_DATA IN THIS EXERCISE_
»»

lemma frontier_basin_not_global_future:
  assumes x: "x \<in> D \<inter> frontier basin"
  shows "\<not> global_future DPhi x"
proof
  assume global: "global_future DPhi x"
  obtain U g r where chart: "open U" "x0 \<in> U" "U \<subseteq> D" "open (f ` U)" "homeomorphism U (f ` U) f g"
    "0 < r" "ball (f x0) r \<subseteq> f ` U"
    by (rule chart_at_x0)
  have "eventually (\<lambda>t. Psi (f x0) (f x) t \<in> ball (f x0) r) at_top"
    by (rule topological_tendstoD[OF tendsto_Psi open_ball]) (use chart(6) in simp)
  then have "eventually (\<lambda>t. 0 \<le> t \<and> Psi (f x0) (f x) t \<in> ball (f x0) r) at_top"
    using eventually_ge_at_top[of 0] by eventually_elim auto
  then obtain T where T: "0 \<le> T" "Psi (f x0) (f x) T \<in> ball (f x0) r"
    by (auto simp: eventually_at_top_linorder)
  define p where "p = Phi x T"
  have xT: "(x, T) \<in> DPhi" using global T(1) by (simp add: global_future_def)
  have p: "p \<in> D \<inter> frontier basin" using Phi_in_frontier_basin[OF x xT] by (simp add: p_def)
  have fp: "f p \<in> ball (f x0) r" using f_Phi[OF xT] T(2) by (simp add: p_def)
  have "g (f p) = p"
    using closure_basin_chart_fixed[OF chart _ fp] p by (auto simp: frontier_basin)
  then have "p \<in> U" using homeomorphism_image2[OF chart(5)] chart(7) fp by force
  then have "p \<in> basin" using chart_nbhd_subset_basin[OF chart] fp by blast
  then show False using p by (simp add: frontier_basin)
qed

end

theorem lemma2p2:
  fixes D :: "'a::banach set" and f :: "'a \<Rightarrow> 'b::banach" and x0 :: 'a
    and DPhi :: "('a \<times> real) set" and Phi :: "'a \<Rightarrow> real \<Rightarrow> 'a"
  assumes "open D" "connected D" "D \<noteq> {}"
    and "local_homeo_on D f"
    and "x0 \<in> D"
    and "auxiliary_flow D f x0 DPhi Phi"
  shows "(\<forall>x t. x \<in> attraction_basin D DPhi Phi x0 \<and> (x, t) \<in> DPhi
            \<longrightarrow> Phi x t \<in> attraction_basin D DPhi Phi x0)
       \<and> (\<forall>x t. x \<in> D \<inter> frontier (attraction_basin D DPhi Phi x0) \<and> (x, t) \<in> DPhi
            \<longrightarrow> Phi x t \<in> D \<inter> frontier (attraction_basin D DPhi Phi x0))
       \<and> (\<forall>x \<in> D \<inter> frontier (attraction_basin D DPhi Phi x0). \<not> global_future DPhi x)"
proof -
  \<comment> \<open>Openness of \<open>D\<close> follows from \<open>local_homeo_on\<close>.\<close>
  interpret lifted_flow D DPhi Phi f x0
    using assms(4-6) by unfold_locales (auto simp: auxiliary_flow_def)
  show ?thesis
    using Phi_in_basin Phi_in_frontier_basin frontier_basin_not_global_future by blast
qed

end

««

Start with the line above that contains "fp by force" and stop after the line that contains "x0) \<and> (x, t) \<in> DPhi". Output those lines exactly, and only those.

  then have "p \<in> U" using homeomorphism_image2[OF chart(5)] chart(7) fp by force
  then have "p \<in> basin" using chart_nbhd_subset_basin[OF chart] fp by blast
  then show False using p by (simp add: frontier_basin)
qed

end

theorem lemma2p2:
  fixes D :: "'a::banach set" and f :: "'a \<Rightarrow> 'b::banach" and x0 :: 'a
    and DPhi :: "('a \<times> real) set" and Phi :: "'a \<Rightarrow> real \<Rightarrow> 'a"
  assumes "open D" "connected D" "D \<noteq> {}"
    and "local_homeo_on D f"
    and "x0 \<in> D"
    and "auxiliary_flow D f x0 DPhi Phi"
  shows "(\<forall>x t. x \<in> attraction_basin D DPhi Phi x0 \<and> (x, t) \<in> DPhi
            \<longrightarrow> Phi x t \<in> attraction_basin D DPhi Phi x0)
       \<and> (\<forall>x t. x \<in> D \<inter> frontier (attraction_basin D DPhi Phi x0) \<and> (x, t) \<in> DPhi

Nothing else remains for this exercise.